= Elaine Rich =

American computer scientist

Elaine Alice Rich is an American computer scientist, known for her textbooks on artificial intelligence and automata theory and for her research on user modeling. She is retired as a distinguished senior lecturer from the University of Texas at Austin.

==Education and career==
Rich is the daughter of applied mathematician Robert Peter Rich. She majored in linguistics and applied mathematics at Brown University, graduating magna cum laude in 1972. She completed her Ph.D. at Carnegie Mellon University in 1979. Her doctoral dissertation, Building and Exploiting User Models, was supervised by George G. Robertson.

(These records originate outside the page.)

(* In a network satisfying (H1) and (H2), if $X$ is a non-intermediate species, then for no $\ell\ge1$ does $x^{(\ell)}$ contain a monomial of the form $z^m$ with $m\ge2$ and $Z$ a non-intermediate species.
   Context: Species are capital letters, concentrations lower-case letters. Mass-action system: $\dot{\mathbf{x}}=\sum_{y\to y'}k_{yy'}\mathbf{x}^y(y'-y)$, rates $k_{yy'}>0$ (vector $\mathbf{k}$). Total derivative: $\dot\varphi=\sum_i\frac{\partial\varphi}{\partial x_i}\dot x_i$ with $\dot x_i$ replaced by the right-hand side; $\varphi^{(\ell)}$ its $\ell$-th iterate; a monomial appears in $\varphi^{(\ell)}$ if its coefficient (a polynomial in $\mathbf{k}$) is nonzero. (H1) Every connected component has the form $Y+S_0\rightleftarrows U_1\to Y+S_1\rightleftarrows\cdots\rightleftarrows U_L\to Y+S_L$ (reactions $Y+S_{j-1}\to U_j$, $U_j\to Y+S_{j-1}$, $U_j\to Y+S_j$), unique enzyme $Y$; intermediates distinct throughout the network; non-intermediates of a component pairwise distinct but may appear in other components; each complex in a unique component. $\mathscr{S}_U$ = substrates/products of the component of intermediate $U$. (H2) A partition $\mathscr{S}^{(0)}\sqcup\cdots\sqcup\mathscr{S}^{(M)}$ ($M\ge2$, nonempty, $\mathscr{S}^{(0)}$ the intermediates) with: for each intermediate $U$ with enzyme $Y$, some $\alpha\ge1$ has $\mathscr{S}_U\subseteq\mathscr{S}^{(\alpha)}$, $Y\notin\mathscr{S}^{(\alpha)}$. *)

theory Defs
  imports "HOL-Library.Poly_Mapping"
begin

text \<open>Polynomials are
  integer polynomials (via poly_mapping) in the variables: concentrations
  (Inl s) and symbolic rate constants (Inr (y, y')) for reactions y -> y'.\<close>

type_synonym 's cplx = "'s \<Rightarrow>\<^sub>0 nat"
type_synonym 's var = "'s + ('s cplx \<times> 's cplx)"
type_synonym 's pol = "('s var \<Rightarrow>\<^sub>0 nat) \<Rightarrow>\<^sub>0 int"

definition Var :: "'v \<Rightarrow> (('v \<Rightarrow>\<^sub>0 nat) \<Rightarrow>\<^sub>0 int)" where
  "Var v = Poly_Mapping.single (Poly_Mapping.single v 1) 1"

definition xmon :: "'s cplx \<Rightarrow> 's pol" where
  "xmon y = (\<Prod>s\<in>Poly_Mapping.keys y. Var (Inl s) ^ Poly_Mapping.lookup y s)"

definition pdiff :: "'v \<Rightarrow> (('v \<Rightarrow>\<^sub>0 nat) \<Rightarrow>\<^sub>0 int) \<Rightarrow> (('v \<Rightarrow>\<^sub>0 nat) \<Rightarrow>\<^sub>0 int)" where
  "pdiff v p = (\<Sum>m\<in>Poly_Mapping.keys p. Poly_Mapping.single (m - Poly_Mapping.single v 1)
                                 (Poly_Mapping.lookup p m * int (Poly_Mapping.lookup m v)))"

definition rhs :: "('s cplx \<times> 's cplx) set \<Rightarrow> 's \<Rightarrow> 's pol" where
  "rhs R i = (\<Sum>(y, y')\<in>R. Var (Inr (y, y')) * xmon y
                 * of_int (int (Poly_Mapping.lookup y' i) - int (Poly_Mapping.lookup y i)))"

definition tder :: "'s set \<Rightarrow> ('s cplx \<times> 's cplx) set \<Rightarrow> 's pol \<Rightarrow> 's pol" where
  "tder Sp R \<phi> = (\<Sum>i\<in>Sp. pdiff (Inl i) \<phi> * rhs R i)"

text \<open>The concentration monomial x^mu appears in p, i.e. its coefficient
  (a polynomial in the rate constants) is nonzero.\<close>
definition contains_xmon :: "'s pol \<Rightarrow> 's cplx \<Rightarrow> bool" where
  "contains_xmon p \<mu> \<longleftrightarrow> (\<exists>m\<in>Poly_Mapping.keys p. \<forall>s. Poly_Mapping.lookup m (Inl s) = Poly_Mapping.lookup \<mu> s)"

text \<open>A component Y+S_0 <-> U_1 -> Y+S_1 <-> ... <-> U_L -> Y+S_L.
  subs = [S_0,...,S_L], ints = [U_1,...,U_L].\<close>
record 's comp =
  enz :: 's
  subs :: "'s list"
  ints :: "'s list"

definition ecx :: "'s comp \<Rightarrow> nat \<Rightarrow> 's cplx" where
  "ecx c j = Poly_Mapping.single (enz c) 1 + Poly_Mapping.single (subs c ! j) 1"

definition icx :: "'s comp \<Rightarrow> nat \<Rightarrow> 's cplx" where
  "icx c j = Poly_Mapping.single (ints c ! (j - 1)) 1"

definition comp_reactions :: "'s comp \<Rightarrow> ('s cplx \<times> 's cplx) set" where
  "comp_reactions c = (\<Union>j\<in>{1..length (ints c)}.
     {(ecx c (j - 1), icx c j), (icx c j, ecx c (j - 1)), (icx c j, ecx c j)})"

definition comp_complexes :: "'s comp \<Rightarrow> 's cplx set" where
  "comp_complexes c = ecx c ` {0..length (ints c)} \<union> icx c ` {1..length (ints c)}"

definition wf_comp :: "'s comp \<Rightarrow> bool" where
  "wf_comp c \<longleftrightarrow> length (ints c) \<ge> 1 \<and> length (subs c) = length (ints c) + 1
                 \<and> distinct (enz c # subs c)"

definition species :: "'s comp list \<Rightarrow> 's set" where
  "species cs = (\<Union>c\<in>set cs. insert (enz c) (set (subs c) \<union> set (ints c)))"

definition intermediates :: "'s comp list \<Rightarrow> 's set" where
  "intermediates cs = (\<Union>c\<in>set cs. set (ints c))"

definition reactions :: "'s comp list \<Rightarrow> ('s cplx \<times> 's cplx) set" where
  "reactions cs = (\<Union>c\<in>set cs. comp_reactions c)"

definition H1 :: "'s comp list \<Rightarrow> bool" where
  "H1 cs \<longleftrightarrow> (\<forall>c\<in>set cs. wf_comp c)
     \<and> distinct (concat (map ints cs))
     \<and> (\<forall>c\<in>set cs. \<forall>c'\<in>set cs. set (ints c) \<inter> insert (enz c') (set (subs c')) = {})
     \<and> (\<forall>i<length cs. \<forall>j<length cs. i \<noteq> j \<longrightarrow>
           comp_complexes (cs ! i) \<inter> comp_complexes (cs ! j) = {})"

definition H2 :: "'s comp list \<Rightarrow> (nat \<Rightarrow> 's set) \<Rightarrow> nat \<Rightarrow> bool" where
  "H2 cs P M \<longleftrightarrow> M \<ge> 2
     \<and> (\<forall>\<alpha>\<le>M. P \<alpha> \<noteq> {})
     \<and> (\<forall>\<alpha>\<le>M. \<forall>\<beta>\<le>M. \<alpha> \<noteq> \<beta> \<longrightarrow> P \<alpha> \<inter> P \<beta> = {})
     \<and> (\<Union>\<alpha>\<in>{0..M}. P \<alpha>) = species cs
     \<and> P 0 = intermediates cs
     \<and> (\<forall>c\<in>set cs. \<forall>U\<in>set (ints c). \<exists>\<alpha>\<in>{1..M}. set (subs c) \<subseteq> P \<alpha> \<and> enz c \<notin> P \<alpha>)"

end

theory Submission
  imports Defs
begin

text \<open>Every monomial of a total derivative is produced by some term of the right-hand side,
  hence is divisible by the reactant monomial x^y of some reaction y \<rightarrow> y'. Under (H1) a reactant
  is either Y + S with Y \<noteq> S, or a single intermediate U; neither divides a pure power z^m of a
  non-intermediate species Z.\<close>

definition xmon_dvd :: "'s cplx \<Rightarrow> ('s var \<Rightarrow>\<^sub>0 nat) \<Rightarrow> bool" where
  "xmon_dvd y m \<longleftrightarrow> (\<forall>s. Poly_Mapping.lookup y s \<le> Poly_Mapping.lookup m (Inl s))"

lemma xmon_dvd_add_left: "xmon_dvd y b \<Longrightarrow> xmon_dvd y (a + b)"
  unfolding xmon_dvd_def by (simp add: lookup_add trans_le_add2)

lemma xmon_dvd_add_right: "xmon_dvd y a \<Longrightarrow> xmon_dvd y (a + b)"
  unfolding xmon_dvd_def by (simp add: lookup_add trans_le_add1)

lemma xmon_dvd_keys_subset:
  assumes "xmon_dvd y m" and "\<forall>s. Poly_Mapping.lookup m (Inl s) = Poly_Mapping.lookup \<mu> s"
  shows "Poly_Mapping.keys y \<subseteq> Poly_Mapping.keys \<mu>"
proof
  fix s assume "s \<in> Poly_Mapping.keys y"
  then show "s \<in> Poly_Mapping.keys \<mu>"
    using assms unfolding xmon_dvd_def in_keys_iff by (metis le_zero_eq)
qed

lemma Var_power: "Var v ^ k = Poly_Mapping.single (Poly_Mapping.single v k) 1"
  by (induction k) (simp_all add: Var_def mult_single single_add[symmetric])

lemma prod_single_one:
  "(\<Prod>s\<in>A. Poly_Mapping.single (f s) (1::'b::comm_semiring_1)) = Poly_Mapping.single (\<Sum>s\<in>A. f s) 1"
  by (induction A rule: infinite_finite_induct) (simp_all add: mult_single)

lemma xmon_eq_single:
  "xmon y = Poly_Mapping.single
     (\<Sum>s\<in>Poly_Mapping.keys y. Poly_Mapping.single (Inl s) (Poly_Mapping.lookup y s)) 1"
  unfolding xmon_def by (simp add: Var_power prod_single_one)

lemma xmon_dvd_keys_xmon: "m \<in> Poly_Mapping.keys (xmon y) \<Longrightarrow> xmon_dvd y m"
  unfolding xmon_eq_single xmon_dvd_def
  by (auto simp: lookup_sum lookup_single when_def in_keys_iff)

lemma xmon_dvd_keys_mult_left:
  assumes "\<And>a. a \<in> Poly_Mapping.keys q \<Longrightarrow> xmon_dvd y a"
    and "m \<in> Poly_Mapping.keys (p * q)"
  shows "xmon_dvd y m"
  using keys_mult[of p q] assms xmon_dvd_add_left by blast

lemma xmon_dvd_keys_mult_right:
  assumes "\<And>a. a \<in> Poly_Mapping.keys p \<Longrightarrow> xmon_dvd y a"
    and "m \<in> Poly_Mapping.keys (p * q)"
  shows "xmon_dvd y m"
  using keys_mult[of p q] assms xmon_dvd_add_right by blast

lemma keys_rhs_reactant_dvd:
  assumes "m \<in> Poly_Mapping.keys (rhs R i)"
  shows "\<exists>(y, y')\<in>R. xmon_dvd y m"
proof -
  have "Poly_Mapping.keys (rhs R i) \<subseteq> (\<Union>r\<in>R. Poly_Mapping.keys ((\<lambda>(y, y'). Var (Inr (y, y')) * xmon y
           * of_int (int (Poly_Mapping.lookup y' i) - int (Poly_Mapping.lookup y i))) r))"
    unfolding rhs_def by (rule keys_sum)
  with assms obtain y y' where r: "(y, y') \<in> R" and
    m: "m \<in> Poly_Mapping.keys (Var (Inr (y, y')) * xmon y
           * of_int (int (Poly_Mapping.lookup y' i) - int (Poly_Mapping.lookup y i)))"
    by auto
  have "xmon_dvd y a" if "a \<in> Poly_Mapping.keys (Var (Inr (y, y')) * xmon y)" for a
    using xmon_dvd_keys_mult_left[OF xmon_dvd_keys_xmon that] .
  from this m have "xmon_dvd y m"
    by (rule xmon_dvd_keys_mult_right)
  with r show ?thesis by auto
qed

lemma keys_tder_reactant_dvd:
  assumes "m \<in> Poly_Mapping.keys (tder Sp R \<phi>)"
  shows "\<exists>(y, y')\<in>R. xmon_dvd y m"
proof -
  have "Poly_Mapping.keys (tder Sp R \<phi>) \<subseteq> (\<Union>i\<in>Sp. Poly_Mapping.keys (pdiff (Inl i) \<phi> * rhs R i))"
    unfolding tder_def by (rule keys_sum)
  with assms obtain i where "m \<in> Poly_Mapping.keys (pdiff (Inl i) \<phi> * rhs R i)" by auto
  then obtain a b where a: "a \<in> Poly_Mapping.keys (rhs R i)" and m: "m = b + a"
    using keys_mult by blast
  obtain y y' where r: "(y, y') \<in> R" and dvd: "xmon_dvd y a"
    using keys_rhs_reactant_dvd[OF a] by auto
  have "xmon_dvd y m"
    unfolding m using dvd by (rule xmon_dvd_add_left)
  with r show ?thesis by auto
qed

lemma reactant_not_pure_power:
  assumes "H1 cs" and "(y, y') \<in> reactions cs" and "Z \<notin> intermediates cs"
  shows "\<not> Poly_Mapping.keys y \<subseteq> {Z}"
proof -
  obtain c j where c: "c \<in> set cs" and j: "j \<in> {1..length (ints c)}"
    and "(y, y') \<in> {(ecx c (j - 1), icx c j), (icx c j, ecx c (j - 1)), (icx c j, ecx c j)}"
    using assms(2) unfolding reactions_def comp_reactions_def by blast
  then consider "y = ecx c (j - 1)" | "y = icx c j" by blast
  then show ?thesis
  proof cases
    case 1
    have "wf_comp c" using assms(1) c unfolding H1_def by auto
    then have "enz c \<noteq> subs c ! (j - 1)"
      using j unfolding wf_comp_def by auto
    moreover have "{enz c, subs c ! (j - 1)} \<subseteq> Poly_Mapping.keys y"
      using 1 by (auto simp: ecx_def in_keys_iff lookup_add lookup_single)
    ultimately show ?thesis by auto
  next
    case 2
    have "ints c ! (j - 1) \<in> intermediates cs"
      using c j unfolding intermediates_def by (auto intro!: bexI[of _ c])
    moreover have "ints c ! (j - 1) \<in> Poly_Mapping.keys y"
      using 2 by (simp add: icx_def)
    ultimately show ?thesis using assms(3) by auto
  qed
qed

theorem mainTheorem9:
  fixes cs :: "'s comp list" and P :: "nat \<Rightarrow> 's set" and M :: nat
    and X Z :: 's and l m :: nat
  assumes "H1 cs" and "H2 cs P M"
    and "X \<in> species cs - intermediates cs"
    and "Z \<in> species cs - intermediates cs"
    and "l \<ge> 1" and "m \<ge> 2"
  shows "\<not> contains_xmon ((tder (species cs) (reactions cs) ^^ l) (Var (Inl X)))
            (Poly_Mapping.single Z m)"
proof
  let ?D = "tder (species cs) (reactions cs)"
  obtain k where "l = Suc k" using \<open>l \<ge> 1\<close> by (cases l) auto
  moreover assume "contains_xmon ((?D ^^ l) (Var (Inl X))) (Poly_Mapping.single Z m)"
  ultimately obtain m0 where m0: "m0 \<in> Poly_Mapping.keys (?D ((?D ^^ k) (Var (Inl X))))"
    and pure: "\<forall>s. Poly_Mapping.lookup m0 (Inl s) = Poly_Mapping.lookup (Poly_Mapping.single Z m) s"
    unfolding contains_xmon_def by auto
  obtain y y' where r: "(y, y') \<in> reactions cs" and dvd: "xmon_dvd y m0"
    using keys_tder_reactant_dvd[OF m0] by auto
  have "Poly_Mapping.keys y \<subseteq> {Z}"
    using xmon_dvd_keys_subset[OF dvd pure] by (auto split: if_splits)
  with reactant_not_pure_power[OF \<open>H1 cs\<close> r] assms(4) show False by blast
qed

end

She joined the University of Texas at Austin as an assistant professor in 1979, but in 1985 moved to the Microelectronics and Computer Technology Corporation (MCC) as a researcher in the Human Interface Laboratory and Knowledge-Based Natural Language Project. At MCC she became director of the Artificial Intelligence Laboratory in 1988. She left MCC in 1993. In 1998 she returned to the University of Texas as an adjunct associate professor, and in 2000 became a senior lecturer. During her time at UT, she developed an interactive textbook, FREGE (Fundamentals of Reasoning for the Electronic Age), which was utilized in a course at the university. She retired from UT at the end of 2016.

==Books==
Rich is the author of:
- Artificial Intelligence (McGraw-Hill, 1983; 2nd ed., with K. Knight, 1991; 3rd. ed, with K. Knight and S. B. Nair, 2009)
- Automata, Computability, and Complexity: Theory and Applications (Prentice-Hall, 2008)

==Recognition==
Rich was named a Fellow of the Association for the Advancement of Artificial Intelligence in 1991.